Summary: | 碩士 === 國立交通大學 === 理學院應用科技學程 === 100 === Wafer probing is a critical process employed to measure the yield of wafer fabrication. The major object of wafer probing is to find the defect dice on the wafer. It inputs electrical current and signals through the probe needles which contact the pad of each dice and receives the outputs to determine whether or not the dice are good.
However, the probing result could be affected by the stability of tester, prober, probe card or the setting actions of operators. Overkill situations happen if good dice are misjudged as bad dice caused by one or more of the above factors causing an abnormal yield and requiring re-probe actions which diminish production performance and the trust of customers.
In this study, we talked to the specialists of this industry in order to build some overkill-related detection methods.

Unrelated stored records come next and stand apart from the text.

definition dlen :: "int \<Rightarrow> real" where
  "dlen j = 2 powr (- real_of_int j)"

definition ddist :: "real \<Rightarrow> real \<Rightarrow> real" where
  "ddist x y = Inf {dlen j | j k. x \<in> dyad j k \<and> y \<in> dyad j k}"

definition hmother :: "real \<Rightarrow> real" where
  "hmother t = indicator {0<..1/2} t - indicator {1/2<..1} t"

definition haar :: "int \<Rightarrow> nat \<Rightarrow> real \<Rightarrow> complex" where
  "haar j k x = complex_of_real (2 powr (real_of_int j / 2) * hmother (2 powr real_of_int j * x - real k))"

definition ipR :: "(real \<Rightarrow> complex) \<Rightarrow> (real \<Rightarrow> complex) \<Rightarrow> complex" where
  "ipR \<phi> \<psi> = (LINT x:{0<..}|lborel. \<phi> x * cnj (\<psi> x))"

definition SH :: "(real \<Rightarrow> complex) set" where
  "SH = {\<phi>. \<exists>F c. finite F \<and> \<phi> = (\<lambda>x. \<Sum>(j,k)\<in>F. c (j,k) * haar j k x)}"

definition Eform :: "real \<Rightarrow> (real \<Rightarrow> complex) \<Rightarrow> (real \<Rightarrow> complex) \<Rightarrow> complex" where
  "Eform s \<phi> \<psi> = (LINT z:({0<..} \<times> {0<..})|lborel.
     ((\<phi> (fst z) - \<phi> (snd z)) * (cnj (\<psi> (fst z)) - cnj (\<psi> (snd z))))
       / complex_of_real (ddist (fst z) (snd z) powr (2 * s))
       / complex_of_real (ddist (fst z) (snd z)))"

definition Qform :: "real \<Rightarrow> (real \<Rightarrow> complex) \<Rightarrow> (real \<Rightarrow> complex) \<Rightarrow> complex" where
  "Qform s \<phi> \<psi> = (LINT z:({0<..} \<times> {0<..})|lborel.
     complex_of_real (ddist (fst z) (snd z) powr (2 * s)) * \<phi> (fst z) * cnj (\<psi> (snd z))
       / complex_of_real (ddist (fst z) (snd z)))"

definition gamma1 :: "real \<Rightarrow> real" where
  "gamma1 s = (1/2) * ((2 powr (1 - 2 * s) - 1) / (1 - 2 powr (- 2 * s)))"

definition gamma2 :: "real \<Rightarrow> real" where
  "gamma2 s = (2 - 2 powr (- 2 * s)) / (1 - 2 powr (- 2 * s))"

end

theory Submission
  imports Defs
begin
theorem theorem2:
  fixes M :: "'w measure"
    and F :: "(real \<Rightarrow> real) \<Rightarrow> (real \<Rightarrow> real)"
    and dsg :: "nat \<Rightarrow> nat \<Rightarrow> real"
    and eps :: "nat \<Rightarrow> 'w \<Rightarrow> real"
    and phi psi :: "nat \<Rightarrow> nat \<Rightarrow> real \<Rightarrow> real"
    and lam :: "nat \<Rightarrow> nat \<Rightarrow> real"
    and x0c :: "nat \<Rightarrow> nat \<Rightarrow> real"
    and xhat :: "nat \<Rightarrow> 'w \<Rightarrow> nat \<Rightarrow> real"
    and t s p c K :: real
  assumes P: "prob_space M"
    and F_lin: "\<And>a b u v. F (\<lambda>z. a * u z + b * v z) = (\<lambda>z. a * F u z + b * F v z)"
    and eps_rv: "\<And>i. eps i \<in> borel_measurable M"
    and eps_indep: "\<And>n. prob_space.indep_vars M (\<lambda>_. borel) eps {1..n}"
    and eps_mean: "\<And>i. i \<ge> 1 \<Longrightarrow> integrable M (eps i) \<and> (\<integral>\<omega>. eps i \<omega> \<partial>M) = 0"
    and eps_var: "\<And>i. i \<ge> 1 \<Longrightarrow> integrable M (\<lambda>\<omega>. (eps i \<omega>)\<^sup>2)"
    and K_pos: "K > 0"
    and eps_orlicz: "\<And>i. i \<ge> 1 \<Longrightarrow>
          integrable M (\<lambda>\<omega>. exp ((eps i \<omega>)\<^sup>2 / K\<^sup>2)) \<and>
          (\<integral>\<omega>. exp ((eps i \<omega>)\<^sup>2 / K\<^sup>2) \<partial>M) \<le> K"
    and lam_pos: "\<And>n j. 1 \<le> j \<Longrightarrow> j \<le> n \<Longrightarrow> lam n j > 0"
    and lam_decr: "\<And>n j. 1 \<le> j \<Longrightarrow> j < n \<Longrightarrow> lam n (Suc j) \<le> lam n j"
    and F_psi: "\<And>n j. 1 \<le> j \<Longrightarrow> j \<le> n \<Longrightarrow> F (psi n j) = (\<lambda>z. lam n j * phi n j z)"
    and psi_on: "\<And>n j k. j \<in> {1..n} \<Longrightarrow> k \<in> {1..n} \<Longrightarrow>
          emp_inner dsg n (psi n j) (psi n k) = (if j = k then 1 else 0)"
    and phi_on: "\<And>n j k. j \<in> {1..n} \<Longrightarrow> k \<in> {1..n} \<Longrightarrow>
          emp_inner dsg n (phi n j) (phi n k) = (if j = k then 1 else 0)"
    (* index of ill-posedness t *)
    and t_pos: "t > 0"
    and ill_posed: "\<exists>C>0. \<forall>n j. 1 \<le> j \<and> j \<le> n \<longrightarrow>
          real j powr (-t) / C \<le> lam n j \<and> lam n j \<le> C * real j powr (-t)"
    and c_pos: "c > 0"
    and c_bound: "\<And>n. n \<ge> 2 \<Longrightarrow>
          prob_space.prob M {\<omega> \<in> space M.
             (MAX j\<in>{1..n}. \<bar>(\<Sum>i\<in>{1..n}. phi n j (dsg n i) * eps i \<omega>) / real n\<bar>)
               > c * sqrt (ln (real n) / real n)}
          \<le> c * exp (- ln (real n) / c\<^sup>2)"
    (* the estimator: a minimiser of the criterion for the data y_i = F(x_0)(t_i) + eps_i *)
    and xhat_min: "\<And>n \<omega> a. n \<ge> 1 \<Longrightarrow> \<omega> \<in> space M \<Longrightarrow>
          crit F dsg n (phi n) (psi n) (lam n) c
               (\<lambda>i. F (expand n (x0c n) (psi n)) (dsg n i) + eps i \<omega>) (xhat n \<omega>)
          \<le> crit F dsg n (phi n) (psi n) (lam n) c
               (\<lambda>i. F (expand n (x0c n) (psi n)) (dsg n i) + eps i \<omega>) a"
    and p_pos: "0 < p" and p_lt2: "p < 2"
    and sp: "1 / p = 1/2 + s / (2 * t + 1)"
    and x0_class: "\<And>n. in_Xsp s p n (x0c n)"
  shows "\<forall>\<delta>>0. \<exists>B>0. \<exists>N. \<forall>n\<ge>N.
           prob_space.prob M {\<omega> \<in> space M.
              emp_norm2 dsg n (\<lambda>z. expand n (xhat n \<omega>) (psi n) z - expand n (x0c n) (psi n) z)
                > B * (real n / ln (real n)) powr (- (2 * s) / (2 * s + 2 * t + 1))}
           \<le> \<delta>"
proof (intro allI impI)
  fix \<delta> :: real assume "\<delta> > 0"
  interpret prob_space M by (rule P)
  obtain C where "C > 0" and lam_lb: "\<And>n j. 1 \<le> j \<Longrightarrow> j \<le> n \<Longrightarrow> real j powr (-t) / C \<le> lam n j"
    using ill_posed by blast
  note exponents = smoothness_exponents[OF t_pos p_pos p_lt2 sp]
  obtain N where tail: "\<And>n. n \<ge> N \<Longrightarrow> c * exp (- ln (real n) / c\<^sup>2) \<le> \<delta>"
    using eventually_exp_ln_tail_le[OF c_pos \<open>\<delta> > 0\<close>] by blast
  define B where "B = (2*c*C) powr (2-p)"
  show "\<exists>B>0. \<exists>N. \<forall>n\<ge>N. prob {\<omega> \<in> space M.
          emp_norm2 dsg n (\<lambda>z. expand n (xhat n \<omega>) (psi n) z - expand n (x0c n) (psi n) z)
            > B * (real n / ln (real n)) powr (- (2 * s) / (2 * s + 2 * t + 1))} \<le> \<delta>"
  proof (intro exI[of _ B] conjI exI[of _ "max N 2"] allI impI)
    show "B > 0" using c_pos \<open>C > 0\<close> by (simp add: B_def)
    fix n assume n: "n \<ge> max N 2"
    have rate: "B * (real n / ln (real n)) powr (- (2 * s) / (2 * s + 2 * t + 1))
        = (2*c*C) powr (2-p) * sqrt (ln (real n) / real n) powr (2-p)"
      using n by (simp add: B_def sqrt_ratio_powr exponents(2))
    define noisy where "noisy = {\<omega> \<in> space M.
        (MAX j\<in>{1..n}. \<bar>(\<Sum>i\<in>{1..n}. phi n j (dsg n i) * eps i \<omega>) / real n\<bar>) > c * sqrt (ln (real n) / real n)}"
    have "prob {\<omega> \<in> space M. emp_norm2 dsg n (\<lambda>z. expand n (xhat n \<omega>) (psi n) z - expand n (x0c n) (psi n) z)
            > B * (real n / ln (real n)) powr (- (2 * s) / (2 * s + 2 * t + 1))} \<le> prob noisy"
    proof (rule prob_exceed_le_prob_event)
      show "noisy \<in> events" unfolding noisy_def using eps_rv by measurable
      fix \<omega> assume "\<omega> \<in> space M" "\<omega> \<notin> noisy"
      then have max_le: "(MAX j\<in>{1..n}. \<bar>(\<Sum>i\<in>{1..n}. phi n j (dsg n i) * eps i \<omega>) / real n\<bar>)
          \<le> c * sqrt (ln (real n) / real n)"
        by (simp add: noisy_def not_less)
      have quiet: "\<bar>(\<Sum>i\<in>{1..n}. phi n j (dsg n i) * eps i \<omega>) / real n\<bar> \<le> c * sqrt (ln (real n) / real n)"
        if "j \<in> {1..n}" for j
        using order_trans[OF Max_ge max_le] that by simp
      show "emp_norm2 dsg n (\<lambda>z. expand n (xhat n \<omega>) (psi n) z - expand n (x0c n) (psi n) z)
          \<le> B * (real n / ln (real n)) powr (- (2 * s) / (2 * s + 2 * t + 1))"
        unfolding rate
        by (rule lasso_error_bound[where ep = "\<lambda>i. eps i \<omega>", OF F_lin _ phi_on psi_on _ _ \<open>C > 0\<close>
              c_pos quiet _ exponents(1) p_pos p_lt2 x0_class])
          (use F_psi lam_pos lam_lb xhat_min[of n \<omega>] n \<open>\<omega> \<in> space M\<close> in auto)
    qed
    also have "\<dots> \<le> \<delta>" using c_bound[of n] tail[of n] n by (simp add: noisy_def)
    finally show "prob {\<omega> \<in> space M. emp_norm2 dsg n (\<lambda>z. expand n (xhat n \<omega>) (psi n) z - expand n (x0c n) (psi n) z)
            > B * (real n / ln (real n)) powr (- (2 * s) / (2 * s + 2 * t + 1))} \<le> \<delta>" .
  qed
qed

end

The aim was to implement these detection methods based on the real wafer probing data from one of Taiwan’s testing facilities. We used classification technologies of data mining on those results generated by these detection methods to determine the correctness of these methods, to ascertain if they could be implemented in the data analysis system as a real-time alarm to handle the overkill issue.
The root causes of overkill situations are not easy to find. They include: stability of tester, usage of probe card, setting actions by operators or a combination of these factors. We used association rule technology of data mining to find the possible causes of overkill situation, to serve as reference for improving actions.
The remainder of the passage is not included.